EXERCISE BRIEF: In the material below, how many lines contain the word "metis"? The reply must be that number alone.

TASK INPUTS:
——
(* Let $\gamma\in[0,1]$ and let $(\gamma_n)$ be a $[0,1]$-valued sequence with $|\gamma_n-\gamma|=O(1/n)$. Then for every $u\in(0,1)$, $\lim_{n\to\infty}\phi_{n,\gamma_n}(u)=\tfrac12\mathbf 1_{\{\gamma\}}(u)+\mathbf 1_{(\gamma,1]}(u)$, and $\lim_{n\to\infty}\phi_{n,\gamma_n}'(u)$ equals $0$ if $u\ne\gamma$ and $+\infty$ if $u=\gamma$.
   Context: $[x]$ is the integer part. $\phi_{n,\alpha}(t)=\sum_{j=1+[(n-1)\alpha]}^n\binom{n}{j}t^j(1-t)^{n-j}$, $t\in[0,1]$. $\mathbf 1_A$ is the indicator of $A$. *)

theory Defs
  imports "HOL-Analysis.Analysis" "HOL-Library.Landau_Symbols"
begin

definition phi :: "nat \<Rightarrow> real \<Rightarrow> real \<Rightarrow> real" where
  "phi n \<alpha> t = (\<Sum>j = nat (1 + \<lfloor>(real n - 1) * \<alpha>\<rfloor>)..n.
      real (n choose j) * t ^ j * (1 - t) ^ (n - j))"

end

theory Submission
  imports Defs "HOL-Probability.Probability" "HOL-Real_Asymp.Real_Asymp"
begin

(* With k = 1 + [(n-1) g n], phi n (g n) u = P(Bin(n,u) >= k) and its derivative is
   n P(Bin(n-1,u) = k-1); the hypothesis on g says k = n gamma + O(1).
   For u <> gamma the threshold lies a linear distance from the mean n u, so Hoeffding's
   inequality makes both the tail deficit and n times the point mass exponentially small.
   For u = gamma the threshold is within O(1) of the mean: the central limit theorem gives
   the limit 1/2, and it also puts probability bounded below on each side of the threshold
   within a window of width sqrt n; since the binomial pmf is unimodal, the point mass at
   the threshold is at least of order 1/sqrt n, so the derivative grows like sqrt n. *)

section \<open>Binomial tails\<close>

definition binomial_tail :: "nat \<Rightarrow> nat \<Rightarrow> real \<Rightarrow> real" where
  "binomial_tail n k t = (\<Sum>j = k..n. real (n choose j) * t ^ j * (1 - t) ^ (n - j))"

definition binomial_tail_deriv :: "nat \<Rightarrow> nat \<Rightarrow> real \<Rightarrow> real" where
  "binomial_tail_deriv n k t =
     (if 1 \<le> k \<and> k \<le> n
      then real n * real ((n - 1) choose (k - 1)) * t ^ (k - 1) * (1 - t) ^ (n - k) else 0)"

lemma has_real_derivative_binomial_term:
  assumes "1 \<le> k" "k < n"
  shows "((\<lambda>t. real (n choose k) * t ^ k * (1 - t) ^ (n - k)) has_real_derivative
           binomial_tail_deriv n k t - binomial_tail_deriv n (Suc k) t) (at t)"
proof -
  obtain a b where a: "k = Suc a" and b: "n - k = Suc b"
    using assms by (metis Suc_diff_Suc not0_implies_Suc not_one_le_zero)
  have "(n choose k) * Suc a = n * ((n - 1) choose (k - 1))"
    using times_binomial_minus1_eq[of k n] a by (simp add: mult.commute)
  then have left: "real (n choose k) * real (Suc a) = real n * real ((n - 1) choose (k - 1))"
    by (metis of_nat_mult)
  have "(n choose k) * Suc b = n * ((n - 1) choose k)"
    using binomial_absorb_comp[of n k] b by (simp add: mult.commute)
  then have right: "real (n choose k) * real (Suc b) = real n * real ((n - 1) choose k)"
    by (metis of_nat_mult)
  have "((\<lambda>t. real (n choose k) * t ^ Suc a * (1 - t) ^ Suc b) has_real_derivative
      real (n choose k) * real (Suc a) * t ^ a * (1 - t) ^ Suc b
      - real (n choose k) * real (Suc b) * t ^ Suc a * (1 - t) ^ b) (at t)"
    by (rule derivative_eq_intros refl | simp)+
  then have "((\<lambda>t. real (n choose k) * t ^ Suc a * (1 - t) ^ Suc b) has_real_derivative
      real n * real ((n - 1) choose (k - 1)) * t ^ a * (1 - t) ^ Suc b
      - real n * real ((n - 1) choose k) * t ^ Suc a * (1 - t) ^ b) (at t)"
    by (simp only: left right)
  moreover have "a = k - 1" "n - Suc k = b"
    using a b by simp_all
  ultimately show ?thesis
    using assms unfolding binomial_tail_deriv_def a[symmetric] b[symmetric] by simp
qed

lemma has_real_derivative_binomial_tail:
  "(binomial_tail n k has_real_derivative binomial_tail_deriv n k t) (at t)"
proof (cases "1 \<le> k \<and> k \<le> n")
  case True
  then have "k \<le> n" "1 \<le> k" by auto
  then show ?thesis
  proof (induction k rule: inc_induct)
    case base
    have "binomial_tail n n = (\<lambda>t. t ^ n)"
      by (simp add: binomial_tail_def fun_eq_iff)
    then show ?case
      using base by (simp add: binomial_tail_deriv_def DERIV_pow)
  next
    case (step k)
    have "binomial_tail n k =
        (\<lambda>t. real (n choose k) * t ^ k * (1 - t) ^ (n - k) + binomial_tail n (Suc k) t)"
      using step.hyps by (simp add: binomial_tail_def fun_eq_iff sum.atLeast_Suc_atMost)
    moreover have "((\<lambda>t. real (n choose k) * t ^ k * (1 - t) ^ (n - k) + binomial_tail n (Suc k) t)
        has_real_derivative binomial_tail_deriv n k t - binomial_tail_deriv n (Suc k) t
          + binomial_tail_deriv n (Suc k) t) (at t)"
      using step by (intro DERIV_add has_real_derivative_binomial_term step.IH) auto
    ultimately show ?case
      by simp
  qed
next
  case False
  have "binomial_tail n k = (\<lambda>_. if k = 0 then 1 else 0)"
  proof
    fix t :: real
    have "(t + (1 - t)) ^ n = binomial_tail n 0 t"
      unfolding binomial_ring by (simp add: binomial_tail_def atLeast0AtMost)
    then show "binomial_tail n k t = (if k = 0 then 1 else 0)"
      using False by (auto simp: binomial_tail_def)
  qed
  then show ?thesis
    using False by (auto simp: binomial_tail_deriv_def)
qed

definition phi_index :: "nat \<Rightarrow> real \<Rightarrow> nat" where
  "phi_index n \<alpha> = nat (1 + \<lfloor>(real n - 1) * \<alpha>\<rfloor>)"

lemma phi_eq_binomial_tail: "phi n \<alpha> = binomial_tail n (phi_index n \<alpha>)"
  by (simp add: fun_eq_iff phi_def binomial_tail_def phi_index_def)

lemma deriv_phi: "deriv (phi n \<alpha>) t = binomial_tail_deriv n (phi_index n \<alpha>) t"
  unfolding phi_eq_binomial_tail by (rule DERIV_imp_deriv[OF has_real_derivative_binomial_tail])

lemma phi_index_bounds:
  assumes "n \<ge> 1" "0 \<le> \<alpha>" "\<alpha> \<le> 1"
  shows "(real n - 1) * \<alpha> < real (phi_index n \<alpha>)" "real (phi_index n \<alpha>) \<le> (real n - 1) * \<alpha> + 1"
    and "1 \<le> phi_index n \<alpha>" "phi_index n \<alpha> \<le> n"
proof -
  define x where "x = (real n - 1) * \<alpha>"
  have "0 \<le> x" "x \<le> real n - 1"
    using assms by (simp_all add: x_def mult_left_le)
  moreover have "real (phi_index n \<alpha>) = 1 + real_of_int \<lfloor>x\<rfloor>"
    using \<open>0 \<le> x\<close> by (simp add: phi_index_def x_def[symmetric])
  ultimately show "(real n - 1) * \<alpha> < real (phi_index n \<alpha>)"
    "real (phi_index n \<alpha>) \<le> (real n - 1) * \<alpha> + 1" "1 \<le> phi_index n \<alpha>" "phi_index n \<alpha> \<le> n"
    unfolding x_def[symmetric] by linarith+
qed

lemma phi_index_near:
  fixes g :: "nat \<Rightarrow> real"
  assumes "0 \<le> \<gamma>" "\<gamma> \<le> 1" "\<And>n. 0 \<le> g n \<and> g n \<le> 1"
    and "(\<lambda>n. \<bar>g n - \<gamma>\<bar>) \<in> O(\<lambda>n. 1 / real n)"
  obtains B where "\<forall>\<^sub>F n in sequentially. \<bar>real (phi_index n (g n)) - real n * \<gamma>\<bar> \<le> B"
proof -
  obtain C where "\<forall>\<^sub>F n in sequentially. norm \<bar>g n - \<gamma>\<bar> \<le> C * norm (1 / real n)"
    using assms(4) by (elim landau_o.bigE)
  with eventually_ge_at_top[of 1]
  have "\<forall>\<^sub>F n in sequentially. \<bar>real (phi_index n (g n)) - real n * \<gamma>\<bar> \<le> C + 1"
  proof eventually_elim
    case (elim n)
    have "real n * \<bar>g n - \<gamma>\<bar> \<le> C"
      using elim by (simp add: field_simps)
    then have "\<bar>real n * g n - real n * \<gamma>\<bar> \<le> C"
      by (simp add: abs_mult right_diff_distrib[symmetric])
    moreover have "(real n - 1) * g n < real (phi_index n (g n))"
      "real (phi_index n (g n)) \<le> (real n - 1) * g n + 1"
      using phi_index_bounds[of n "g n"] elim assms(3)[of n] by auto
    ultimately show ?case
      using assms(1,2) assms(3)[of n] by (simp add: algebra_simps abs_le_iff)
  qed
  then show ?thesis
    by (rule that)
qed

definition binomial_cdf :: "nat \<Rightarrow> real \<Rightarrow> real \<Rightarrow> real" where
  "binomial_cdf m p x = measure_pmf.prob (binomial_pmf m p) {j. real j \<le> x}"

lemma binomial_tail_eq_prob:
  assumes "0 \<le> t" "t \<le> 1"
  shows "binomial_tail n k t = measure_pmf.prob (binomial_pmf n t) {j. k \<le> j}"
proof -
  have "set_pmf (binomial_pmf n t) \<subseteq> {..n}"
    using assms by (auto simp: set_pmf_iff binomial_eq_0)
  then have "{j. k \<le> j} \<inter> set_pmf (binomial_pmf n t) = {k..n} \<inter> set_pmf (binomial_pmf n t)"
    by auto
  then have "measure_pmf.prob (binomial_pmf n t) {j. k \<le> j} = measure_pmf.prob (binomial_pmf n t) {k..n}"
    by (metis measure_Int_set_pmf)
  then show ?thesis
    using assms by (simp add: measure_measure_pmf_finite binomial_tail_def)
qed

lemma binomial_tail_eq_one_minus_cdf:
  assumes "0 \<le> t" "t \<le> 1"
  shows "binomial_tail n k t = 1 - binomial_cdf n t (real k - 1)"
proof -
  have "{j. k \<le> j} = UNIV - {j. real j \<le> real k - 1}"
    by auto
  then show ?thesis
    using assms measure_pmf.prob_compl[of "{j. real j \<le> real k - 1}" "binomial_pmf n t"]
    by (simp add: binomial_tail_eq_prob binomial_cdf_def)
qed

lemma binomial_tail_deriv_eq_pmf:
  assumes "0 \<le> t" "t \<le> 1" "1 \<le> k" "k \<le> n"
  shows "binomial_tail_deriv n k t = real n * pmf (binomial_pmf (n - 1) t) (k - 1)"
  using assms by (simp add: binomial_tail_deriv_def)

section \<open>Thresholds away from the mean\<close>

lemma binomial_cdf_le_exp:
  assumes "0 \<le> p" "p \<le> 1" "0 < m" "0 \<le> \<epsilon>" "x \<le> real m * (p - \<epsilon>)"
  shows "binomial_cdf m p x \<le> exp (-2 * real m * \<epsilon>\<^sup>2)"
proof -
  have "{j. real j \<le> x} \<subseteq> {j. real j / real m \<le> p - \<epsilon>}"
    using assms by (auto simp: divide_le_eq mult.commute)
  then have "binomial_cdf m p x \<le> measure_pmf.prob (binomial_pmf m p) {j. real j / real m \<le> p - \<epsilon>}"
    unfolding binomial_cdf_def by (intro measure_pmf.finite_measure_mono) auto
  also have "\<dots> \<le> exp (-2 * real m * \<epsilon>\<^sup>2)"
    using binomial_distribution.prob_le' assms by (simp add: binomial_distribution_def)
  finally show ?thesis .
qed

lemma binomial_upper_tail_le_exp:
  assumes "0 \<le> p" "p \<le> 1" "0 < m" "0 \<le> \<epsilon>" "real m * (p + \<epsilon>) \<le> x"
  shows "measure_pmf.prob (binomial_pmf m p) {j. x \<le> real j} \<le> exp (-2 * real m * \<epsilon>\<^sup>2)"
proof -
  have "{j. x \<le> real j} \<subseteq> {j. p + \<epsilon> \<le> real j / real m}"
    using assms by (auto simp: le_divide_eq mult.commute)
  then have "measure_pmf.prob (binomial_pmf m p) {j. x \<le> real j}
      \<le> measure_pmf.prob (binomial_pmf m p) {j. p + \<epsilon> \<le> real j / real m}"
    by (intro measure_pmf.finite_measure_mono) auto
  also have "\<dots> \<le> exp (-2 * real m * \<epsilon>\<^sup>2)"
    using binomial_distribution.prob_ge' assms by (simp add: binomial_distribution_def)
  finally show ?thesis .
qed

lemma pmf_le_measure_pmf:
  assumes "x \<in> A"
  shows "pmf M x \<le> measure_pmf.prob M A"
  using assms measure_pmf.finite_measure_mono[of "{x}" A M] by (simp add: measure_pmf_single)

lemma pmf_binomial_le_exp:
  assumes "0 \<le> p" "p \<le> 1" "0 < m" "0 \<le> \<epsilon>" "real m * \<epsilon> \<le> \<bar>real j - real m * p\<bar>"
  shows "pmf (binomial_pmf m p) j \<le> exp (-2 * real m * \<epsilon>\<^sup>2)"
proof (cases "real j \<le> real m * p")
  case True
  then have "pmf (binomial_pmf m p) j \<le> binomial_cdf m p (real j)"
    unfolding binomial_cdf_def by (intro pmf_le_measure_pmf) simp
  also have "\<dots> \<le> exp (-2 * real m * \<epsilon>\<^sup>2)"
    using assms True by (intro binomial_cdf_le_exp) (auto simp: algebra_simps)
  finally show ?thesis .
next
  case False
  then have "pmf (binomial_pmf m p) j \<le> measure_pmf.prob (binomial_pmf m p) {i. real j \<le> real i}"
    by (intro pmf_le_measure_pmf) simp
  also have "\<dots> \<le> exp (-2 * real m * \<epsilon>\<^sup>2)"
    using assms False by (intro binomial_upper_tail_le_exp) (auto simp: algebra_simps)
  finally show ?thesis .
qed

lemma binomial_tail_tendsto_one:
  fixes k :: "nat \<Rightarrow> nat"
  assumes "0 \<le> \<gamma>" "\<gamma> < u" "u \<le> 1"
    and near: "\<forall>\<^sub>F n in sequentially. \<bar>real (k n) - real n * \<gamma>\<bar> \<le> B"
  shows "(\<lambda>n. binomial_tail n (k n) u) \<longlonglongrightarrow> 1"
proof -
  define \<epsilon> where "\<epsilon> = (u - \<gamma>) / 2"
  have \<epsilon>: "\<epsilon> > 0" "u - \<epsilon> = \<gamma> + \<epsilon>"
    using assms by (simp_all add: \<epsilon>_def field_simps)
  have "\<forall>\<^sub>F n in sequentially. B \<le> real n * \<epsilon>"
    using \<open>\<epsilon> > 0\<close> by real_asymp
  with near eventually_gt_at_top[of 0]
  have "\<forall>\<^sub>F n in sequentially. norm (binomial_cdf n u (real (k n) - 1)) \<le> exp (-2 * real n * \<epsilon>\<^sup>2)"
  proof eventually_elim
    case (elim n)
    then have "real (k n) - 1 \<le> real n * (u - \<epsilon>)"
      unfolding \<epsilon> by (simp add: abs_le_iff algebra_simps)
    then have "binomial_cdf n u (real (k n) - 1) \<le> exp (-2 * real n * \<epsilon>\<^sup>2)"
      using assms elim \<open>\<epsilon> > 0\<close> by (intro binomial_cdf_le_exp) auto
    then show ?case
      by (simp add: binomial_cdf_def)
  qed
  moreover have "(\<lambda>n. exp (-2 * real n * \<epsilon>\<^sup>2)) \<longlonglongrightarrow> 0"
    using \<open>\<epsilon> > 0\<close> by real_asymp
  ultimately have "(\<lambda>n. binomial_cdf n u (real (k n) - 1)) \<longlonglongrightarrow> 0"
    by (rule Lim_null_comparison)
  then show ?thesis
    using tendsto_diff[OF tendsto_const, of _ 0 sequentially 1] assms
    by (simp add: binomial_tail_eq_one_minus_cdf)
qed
——
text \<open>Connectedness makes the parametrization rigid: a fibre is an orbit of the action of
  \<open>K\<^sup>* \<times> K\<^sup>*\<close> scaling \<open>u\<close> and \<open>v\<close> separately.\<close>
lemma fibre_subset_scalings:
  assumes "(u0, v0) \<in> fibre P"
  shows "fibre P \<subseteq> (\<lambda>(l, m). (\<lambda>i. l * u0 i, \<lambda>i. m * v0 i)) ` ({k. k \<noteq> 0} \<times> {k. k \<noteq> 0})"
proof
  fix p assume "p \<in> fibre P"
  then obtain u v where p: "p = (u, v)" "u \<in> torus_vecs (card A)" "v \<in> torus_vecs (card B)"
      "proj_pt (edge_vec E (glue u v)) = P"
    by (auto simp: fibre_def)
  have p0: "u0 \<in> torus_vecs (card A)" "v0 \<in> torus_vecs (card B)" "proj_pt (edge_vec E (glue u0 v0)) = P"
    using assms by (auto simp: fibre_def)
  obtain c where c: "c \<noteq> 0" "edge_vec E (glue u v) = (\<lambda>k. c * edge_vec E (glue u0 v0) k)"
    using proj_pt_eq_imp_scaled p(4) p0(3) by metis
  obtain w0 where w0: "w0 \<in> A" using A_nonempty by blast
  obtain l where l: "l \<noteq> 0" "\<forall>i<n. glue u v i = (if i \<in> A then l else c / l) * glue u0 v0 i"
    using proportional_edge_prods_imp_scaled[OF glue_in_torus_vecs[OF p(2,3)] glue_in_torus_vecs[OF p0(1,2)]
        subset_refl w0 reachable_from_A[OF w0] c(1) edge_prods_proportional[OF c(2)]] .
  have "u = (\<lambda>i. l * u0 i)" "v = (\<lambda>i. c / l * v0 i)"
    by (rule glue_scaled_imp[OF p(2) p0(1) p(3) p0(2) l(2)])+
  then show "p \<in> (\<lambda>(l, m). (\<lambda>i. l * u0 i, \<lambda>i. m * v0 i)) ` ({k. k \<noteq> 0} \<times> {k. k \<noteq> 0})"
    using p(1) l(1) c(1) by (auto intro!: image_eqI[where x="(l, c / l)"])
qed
——
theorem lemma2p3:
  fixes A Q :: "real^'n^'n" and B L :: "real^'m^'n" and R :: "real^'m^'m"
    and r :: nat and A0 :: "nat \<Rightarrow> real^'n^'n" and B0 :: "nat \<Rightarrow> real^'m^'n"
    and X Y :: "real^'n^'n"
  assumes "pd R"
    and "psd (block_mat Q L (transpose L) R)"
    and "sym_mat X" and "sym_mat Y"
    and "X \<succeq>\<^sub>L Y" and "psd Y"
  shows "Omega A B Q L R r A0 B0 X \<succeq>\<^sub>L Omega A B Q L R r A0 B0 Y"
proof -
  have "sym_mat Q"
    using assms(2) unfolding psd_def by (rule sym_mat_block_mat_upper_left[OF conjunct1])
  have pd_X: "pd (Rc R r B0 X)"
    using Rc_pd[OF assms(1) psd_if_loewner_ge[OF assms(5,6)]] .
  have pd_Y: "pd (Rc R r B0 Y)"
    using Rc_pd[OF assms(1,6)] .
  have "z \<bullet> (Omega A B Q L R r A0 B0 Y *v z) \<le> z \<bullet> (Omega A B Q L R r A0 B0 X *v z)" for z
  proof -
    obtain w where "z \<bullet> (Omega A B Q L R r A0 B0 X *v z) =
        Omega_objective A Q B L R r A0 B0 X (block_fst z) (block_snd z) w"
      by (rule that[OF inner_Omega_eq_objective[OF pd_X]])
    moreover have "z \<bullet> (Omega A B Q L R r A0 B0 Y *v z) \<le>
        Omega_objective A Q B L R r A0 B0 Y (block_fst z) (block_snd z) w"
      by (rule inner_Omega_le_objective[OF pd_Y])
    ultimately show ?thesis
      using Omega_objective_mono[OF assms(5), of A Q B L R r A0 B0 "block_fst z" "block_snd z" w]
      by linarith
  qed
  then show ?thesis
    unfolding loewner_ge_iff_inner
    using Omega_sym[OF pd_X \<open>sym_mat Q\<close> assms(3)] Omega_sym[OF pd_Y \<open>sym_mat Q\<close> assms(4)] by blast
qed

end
——
TASK RESPONSE: 5